■ WORK REQUIRED
Please copy each line of the records below that includes the word "delta".
[[ RECORDS FOR PROCESSING, beginning ]]
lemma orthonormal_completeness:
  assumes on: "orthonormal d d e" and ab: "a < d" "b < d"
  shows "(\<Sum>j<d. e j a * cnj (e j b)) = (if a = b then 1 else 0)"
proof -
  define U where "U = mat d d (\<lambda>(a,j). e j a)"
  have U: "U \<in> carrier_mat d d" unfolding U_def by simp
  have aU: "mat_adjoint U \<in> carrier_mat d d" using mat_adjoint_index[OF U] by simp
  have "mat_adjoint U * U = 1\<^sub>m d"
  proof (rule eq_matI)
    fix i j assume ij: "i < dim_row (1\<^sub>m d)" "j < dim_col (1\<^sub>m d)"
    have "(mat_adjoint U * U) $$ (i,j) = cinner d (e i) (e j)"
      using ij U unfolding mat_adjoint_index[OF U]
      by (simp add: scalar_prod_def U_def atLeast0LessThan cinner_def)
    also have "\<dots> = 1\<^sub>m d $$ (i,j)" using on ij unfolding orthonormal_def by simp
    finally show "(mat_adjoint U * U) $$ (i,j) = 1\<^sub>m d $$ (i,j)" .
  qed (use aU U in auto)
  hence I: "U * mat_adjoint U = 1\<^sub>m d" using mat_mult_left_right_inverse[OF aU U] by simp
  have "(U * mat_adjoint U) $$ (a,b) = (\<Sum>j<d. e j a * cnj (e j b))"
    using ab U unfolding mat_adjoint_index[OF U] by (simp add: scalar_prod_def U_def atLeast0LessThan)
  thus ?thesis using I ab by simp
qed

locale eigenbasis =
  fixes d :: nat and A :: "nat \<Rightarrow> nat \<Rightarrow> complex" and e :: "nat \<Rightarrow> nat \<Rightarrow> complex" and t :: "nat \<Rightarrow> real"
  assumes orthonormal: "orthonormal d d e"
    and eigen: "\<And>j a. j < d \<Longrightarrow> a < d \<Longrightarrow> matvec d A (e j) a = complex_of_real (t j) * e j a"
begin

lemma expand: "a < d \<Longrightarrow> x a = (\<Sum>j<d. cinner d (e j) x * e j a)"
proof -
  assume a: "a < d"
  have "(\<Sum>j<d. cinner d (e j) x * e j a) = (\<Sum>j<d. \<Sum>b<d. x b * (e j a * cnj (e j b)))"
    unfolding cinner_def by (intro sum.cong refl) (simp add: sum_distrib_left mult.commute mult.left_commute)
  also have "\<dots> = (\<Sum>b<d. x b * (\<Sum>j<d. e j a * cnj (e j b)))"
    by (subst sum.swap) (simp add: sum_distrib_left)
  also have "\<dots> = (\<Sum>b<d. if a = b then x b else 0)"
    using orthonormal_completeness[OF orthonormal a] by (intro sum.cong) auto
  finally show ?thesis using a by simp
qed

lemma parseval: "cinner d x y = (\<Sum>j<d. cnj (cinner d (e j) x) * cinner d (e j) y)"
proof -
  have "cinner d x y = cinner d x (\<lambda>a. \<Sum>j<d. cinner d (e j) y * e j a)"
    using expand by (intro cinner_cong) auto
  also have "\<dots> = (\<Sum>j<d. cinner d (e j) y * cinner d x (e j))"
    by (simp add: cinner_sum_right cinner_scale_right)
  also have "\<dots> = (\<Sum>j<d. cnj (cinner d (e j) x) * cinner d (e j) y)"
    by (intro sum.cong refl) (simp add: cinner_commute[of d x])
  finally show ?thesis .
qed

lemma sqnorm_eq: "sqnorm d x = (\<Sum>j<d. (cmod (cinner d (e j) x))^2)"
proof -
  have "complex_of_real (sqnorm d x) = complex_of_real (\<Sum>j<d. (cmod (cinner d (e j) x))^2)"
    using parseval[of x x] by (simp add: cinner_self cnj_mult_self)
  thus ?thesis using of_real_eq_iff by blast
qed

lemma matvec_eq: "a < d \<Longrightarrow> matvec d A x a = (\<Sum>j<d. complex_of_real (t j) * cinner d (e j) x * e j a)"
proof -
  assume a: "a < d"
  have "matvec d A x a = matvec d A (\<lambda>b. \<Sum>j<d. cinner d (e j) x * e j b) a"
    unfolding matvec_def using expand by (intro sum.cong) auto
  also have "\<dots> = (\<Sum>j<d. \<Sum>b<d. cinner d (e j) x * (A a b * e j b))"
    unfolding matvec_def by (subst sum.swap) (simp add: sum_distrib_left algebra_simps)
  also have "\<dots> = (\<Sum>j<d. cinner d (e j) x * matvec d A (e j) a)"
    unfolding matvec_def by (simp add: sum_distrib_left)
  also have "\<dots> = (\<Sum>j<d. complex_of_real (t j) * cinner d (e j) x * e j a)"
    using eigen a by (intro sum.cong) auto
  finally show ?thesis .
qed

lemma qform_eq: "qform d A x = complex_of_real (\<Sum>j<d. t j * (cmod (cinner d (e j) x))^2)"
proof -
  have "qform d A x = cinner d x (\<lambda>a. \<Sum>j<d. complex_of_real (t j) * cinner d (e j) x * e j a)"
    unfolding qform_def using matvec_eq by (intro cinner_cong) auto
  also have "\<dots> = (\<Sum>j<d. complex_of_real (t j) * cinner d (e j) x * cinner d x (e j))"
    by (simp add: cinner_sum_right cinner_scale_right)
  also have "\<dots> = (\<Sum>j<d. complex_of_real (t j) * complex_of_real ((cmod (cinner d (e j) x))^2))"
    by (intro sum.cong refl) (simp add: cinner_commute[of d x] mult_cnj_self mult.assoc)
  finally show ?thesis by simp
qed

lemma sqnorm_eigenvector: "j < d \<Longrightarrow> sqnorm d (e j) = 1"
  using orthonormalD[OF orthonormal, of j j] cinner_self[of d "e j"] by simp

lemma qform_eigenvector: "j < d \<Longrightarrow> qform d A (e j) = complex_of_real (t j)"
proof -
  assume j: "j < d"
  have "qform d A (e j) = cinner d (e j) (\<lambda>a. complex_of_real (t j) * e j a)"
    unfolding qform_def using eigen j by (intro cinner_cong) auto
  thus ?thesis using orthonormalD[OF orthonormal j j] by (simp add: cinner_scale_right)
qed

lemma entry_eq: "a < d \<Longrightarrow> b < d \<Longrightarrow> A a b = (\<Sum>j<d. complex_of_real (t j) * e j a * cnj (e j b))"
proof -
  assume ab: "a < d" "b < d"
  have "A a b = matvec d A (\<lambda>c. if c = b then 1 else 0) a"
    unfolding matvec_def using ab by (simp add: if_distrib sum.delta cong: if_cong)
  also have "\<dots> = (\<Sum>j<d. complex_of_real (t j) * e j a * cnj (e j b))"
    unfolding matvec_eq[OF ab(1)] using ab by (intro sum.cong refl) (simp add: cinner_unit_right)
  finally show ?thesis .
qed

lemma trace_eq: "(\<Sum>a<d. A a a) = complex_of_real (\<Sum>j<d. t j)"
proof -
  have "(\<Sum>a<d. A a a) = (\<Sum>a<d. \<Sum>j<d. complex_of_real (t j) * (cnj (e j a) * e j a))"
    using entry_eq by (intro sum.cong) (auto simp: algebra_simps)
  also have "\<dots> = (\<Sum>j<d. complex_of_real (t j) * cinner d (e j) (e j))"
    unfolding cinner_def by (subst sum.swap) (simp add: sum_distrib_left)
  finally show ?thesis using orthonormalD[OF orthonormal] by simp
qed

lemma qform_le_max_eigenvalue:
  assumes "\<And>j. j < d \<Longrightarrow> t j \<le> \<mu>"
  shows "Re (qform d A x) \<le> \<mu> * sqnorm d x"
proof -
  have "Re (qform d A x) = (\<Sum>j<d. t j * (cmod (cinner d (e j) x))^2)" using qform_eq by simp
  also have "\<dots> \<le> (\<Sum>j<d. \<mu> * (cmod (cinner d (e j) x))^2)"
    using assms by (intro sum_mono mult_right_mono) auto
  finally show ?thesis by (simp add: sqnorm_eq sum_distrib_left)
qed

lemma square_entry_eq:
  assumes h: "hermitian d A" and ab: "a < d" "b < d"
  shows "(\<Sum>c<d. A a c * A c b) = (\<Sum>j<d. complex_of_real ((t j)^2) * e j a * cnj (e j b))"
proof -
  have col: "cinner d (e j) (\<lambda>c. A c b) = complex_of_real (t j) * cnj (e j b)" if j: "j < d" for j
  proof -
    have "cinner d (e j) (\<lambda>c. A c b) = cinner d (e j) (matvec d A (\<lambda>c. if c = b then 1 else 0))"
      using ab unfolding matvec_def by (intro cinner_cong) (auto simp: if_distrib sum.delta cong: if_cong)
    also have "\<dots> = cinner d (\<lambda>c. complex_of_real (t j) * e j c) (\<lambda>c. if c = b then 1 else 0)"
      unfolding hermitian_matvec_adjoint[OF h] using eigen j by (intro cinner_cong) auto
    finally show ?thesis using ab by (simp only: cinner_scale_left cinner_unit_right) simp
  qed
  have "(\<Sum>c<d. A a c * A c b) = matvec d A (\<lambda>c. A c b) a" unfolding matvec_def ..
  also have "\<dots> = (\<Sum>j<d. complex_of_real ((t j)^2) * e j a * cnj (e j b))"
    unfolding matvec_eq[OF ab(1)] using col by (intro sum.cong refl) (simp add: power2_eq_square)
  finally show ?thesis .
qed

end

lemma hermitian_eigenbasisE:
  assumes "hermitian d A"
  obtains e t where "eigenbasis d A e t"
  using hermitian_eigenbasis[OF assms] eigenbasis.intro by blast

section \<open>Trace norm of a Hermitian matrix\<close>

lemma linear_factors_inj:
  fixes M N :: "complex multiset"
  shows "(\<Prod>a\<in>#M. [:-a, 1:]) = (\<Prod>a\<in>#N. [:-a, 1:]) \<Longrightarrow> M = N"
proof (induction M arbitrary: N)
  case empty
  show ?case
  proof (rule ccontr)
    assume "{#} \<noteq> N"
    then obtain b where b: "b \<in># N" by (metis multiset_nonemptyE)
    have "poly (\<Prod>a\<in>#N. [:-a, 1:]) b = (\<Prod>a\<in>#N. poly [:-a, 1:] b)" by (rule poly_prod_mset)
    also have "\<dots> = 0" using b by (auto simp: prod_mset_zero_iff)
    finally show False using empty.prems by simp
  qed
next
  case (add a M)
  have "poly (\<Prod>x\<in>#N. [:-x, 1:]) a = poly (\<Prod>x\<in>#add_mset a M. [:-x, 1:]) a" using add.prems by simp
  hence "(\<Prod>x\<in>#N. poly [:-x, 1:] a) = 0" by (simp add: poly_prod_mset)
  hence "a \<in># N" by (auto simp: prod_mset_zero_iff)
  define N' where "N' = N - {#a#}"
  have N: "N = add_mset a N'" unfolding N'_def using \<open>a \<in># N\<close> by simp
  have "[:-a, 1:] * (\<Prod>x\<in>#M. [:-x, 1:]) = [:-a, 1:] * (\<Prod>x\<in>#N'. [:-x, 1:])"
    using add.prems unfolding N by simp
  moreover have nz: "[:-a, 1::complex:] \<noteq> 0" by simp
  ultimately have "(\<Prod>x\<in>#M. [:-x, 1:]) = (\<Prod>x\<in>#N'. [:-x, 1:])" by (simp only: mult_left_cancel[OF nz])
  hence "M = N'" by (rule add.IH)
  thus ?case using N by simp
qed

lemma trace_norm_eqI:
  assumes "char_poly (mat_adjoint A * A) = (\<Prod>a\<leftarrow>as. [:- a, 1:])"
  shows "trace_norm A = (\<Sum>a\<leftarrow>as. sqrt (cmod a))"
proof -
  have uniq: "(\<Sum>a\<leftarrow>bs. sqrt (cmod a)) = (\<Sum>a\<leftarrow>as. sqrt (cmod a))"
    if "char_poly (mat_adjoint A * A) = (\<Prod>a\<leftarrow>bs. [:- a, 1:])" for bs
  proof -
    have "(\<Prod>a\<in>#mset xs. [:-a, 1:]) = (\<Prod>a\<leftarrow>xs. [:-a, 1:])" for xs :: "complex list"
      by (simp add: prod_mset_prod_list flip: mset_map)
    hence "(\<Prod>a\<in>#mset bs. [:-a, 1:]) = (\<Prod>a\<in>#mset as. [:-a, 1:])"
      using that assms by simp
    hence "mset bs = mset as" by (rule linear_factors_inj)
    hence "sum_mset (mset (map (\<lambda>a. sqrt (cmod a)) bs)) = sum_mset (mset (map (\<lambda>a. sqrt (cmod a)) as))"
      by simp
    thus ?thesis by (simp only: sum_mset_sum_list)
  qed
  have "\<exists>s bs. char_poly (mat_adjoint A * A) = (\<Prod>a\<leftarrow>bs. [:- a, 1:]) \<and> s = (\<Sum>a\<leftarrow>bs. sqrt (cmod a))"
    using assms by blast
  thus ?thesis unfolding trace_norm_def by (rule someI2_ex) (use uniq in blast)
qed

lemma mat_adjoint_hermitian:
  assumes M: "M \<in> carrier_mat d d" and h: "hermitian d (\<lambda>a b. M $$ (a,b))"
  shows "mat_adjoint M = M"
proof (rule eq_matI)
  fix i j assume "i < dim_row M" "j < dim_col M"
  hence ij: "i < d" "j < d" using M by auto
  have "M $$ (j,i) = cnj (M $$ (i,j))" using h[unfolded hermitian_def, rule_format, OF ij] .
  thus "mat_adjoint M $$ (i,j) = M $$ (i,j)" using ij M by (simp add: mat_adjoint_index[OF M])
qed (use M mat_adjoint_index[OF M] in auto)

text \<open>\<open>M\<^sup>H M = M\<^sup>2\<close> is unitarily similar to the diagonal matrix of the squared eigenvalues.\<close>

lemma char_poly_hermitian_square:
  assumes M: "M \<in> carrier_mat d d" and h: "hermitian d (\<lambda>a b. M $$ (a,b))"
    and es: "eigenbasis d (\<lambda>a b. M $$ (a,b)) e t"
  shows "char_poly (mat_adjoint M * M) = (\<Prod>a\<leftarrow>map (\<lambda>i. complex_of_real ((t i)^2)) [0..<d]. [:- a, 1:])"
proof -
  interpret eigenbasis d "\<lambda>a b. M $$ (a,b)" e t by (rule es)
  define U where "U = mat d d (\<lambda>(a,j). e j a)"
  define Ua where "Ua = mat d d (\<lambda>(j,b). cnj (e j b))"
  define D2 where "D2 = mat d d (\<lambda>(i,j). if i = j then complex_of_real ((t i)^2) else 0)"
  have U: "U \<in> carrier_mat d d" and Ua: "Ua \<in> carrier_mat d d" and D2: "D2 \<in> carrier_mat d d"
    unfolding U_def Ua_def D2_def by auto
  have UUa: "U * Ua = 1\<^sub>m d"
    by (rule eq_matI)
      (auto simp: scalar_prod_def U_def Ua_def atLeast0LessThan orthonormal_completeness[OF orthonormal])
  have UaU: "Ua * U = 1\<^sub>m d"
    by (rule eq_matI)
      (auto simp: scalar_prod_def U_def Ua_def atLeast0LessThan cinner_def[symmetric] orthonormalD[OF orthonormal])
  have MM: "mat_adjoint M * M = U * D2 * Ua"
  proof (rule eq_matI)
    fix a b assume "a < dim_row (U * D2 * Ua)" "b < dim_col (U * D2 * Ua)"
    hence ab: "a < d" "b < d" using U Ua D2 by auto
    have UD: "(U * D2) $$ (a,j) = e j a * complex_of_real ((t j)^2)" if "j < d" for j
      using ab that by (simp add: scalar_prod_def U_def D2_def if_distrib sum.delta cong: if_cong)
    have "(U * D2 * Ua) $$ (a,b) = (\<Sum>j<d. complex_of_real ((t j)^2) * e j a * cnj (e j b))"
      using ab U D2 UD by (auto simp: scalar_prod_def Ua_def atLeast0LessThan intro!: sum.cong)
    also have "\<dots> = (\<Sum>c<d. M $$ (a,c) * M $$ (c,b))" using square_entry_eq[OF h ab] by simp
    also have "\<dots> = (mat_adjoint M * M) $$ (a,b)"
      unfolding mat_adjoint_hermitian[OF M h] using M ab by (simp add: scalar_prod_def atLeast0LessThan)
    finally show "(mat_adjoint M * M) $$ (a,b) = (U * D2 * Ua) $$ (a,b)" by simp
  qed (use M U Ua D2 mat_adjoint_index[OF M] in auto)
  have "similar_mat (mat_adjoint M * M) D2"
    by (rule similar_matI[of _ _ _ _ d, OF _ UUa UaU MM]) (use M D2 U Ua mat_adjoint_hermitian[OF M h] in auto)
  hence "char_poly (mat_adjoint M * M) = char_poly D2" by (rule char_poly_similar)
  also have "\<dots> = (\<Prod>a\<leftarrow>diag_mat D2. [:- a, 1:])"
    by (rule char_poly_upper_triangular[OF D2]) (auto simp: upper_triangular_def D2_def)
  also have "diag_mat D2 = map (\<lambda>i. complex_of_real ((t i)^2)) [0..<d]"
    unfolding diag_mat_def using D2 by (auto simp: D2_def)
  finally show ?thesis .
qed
[[ RECORDS FOR PROCESSING, end ]]
■ EXERCISE OUTPUT
    unfolding matvec_def using ab by (simp add: if_distrib sum.delta cong: if_cong)
      using ab unfolding matvec_def by (intro cinner_cong) (auto simp: if_distrib sum.delta cong: if_cong)
      using ab that by (simp add: scalar_prod_def U_def D2_def if_distrib sum.delta cong: if_cong)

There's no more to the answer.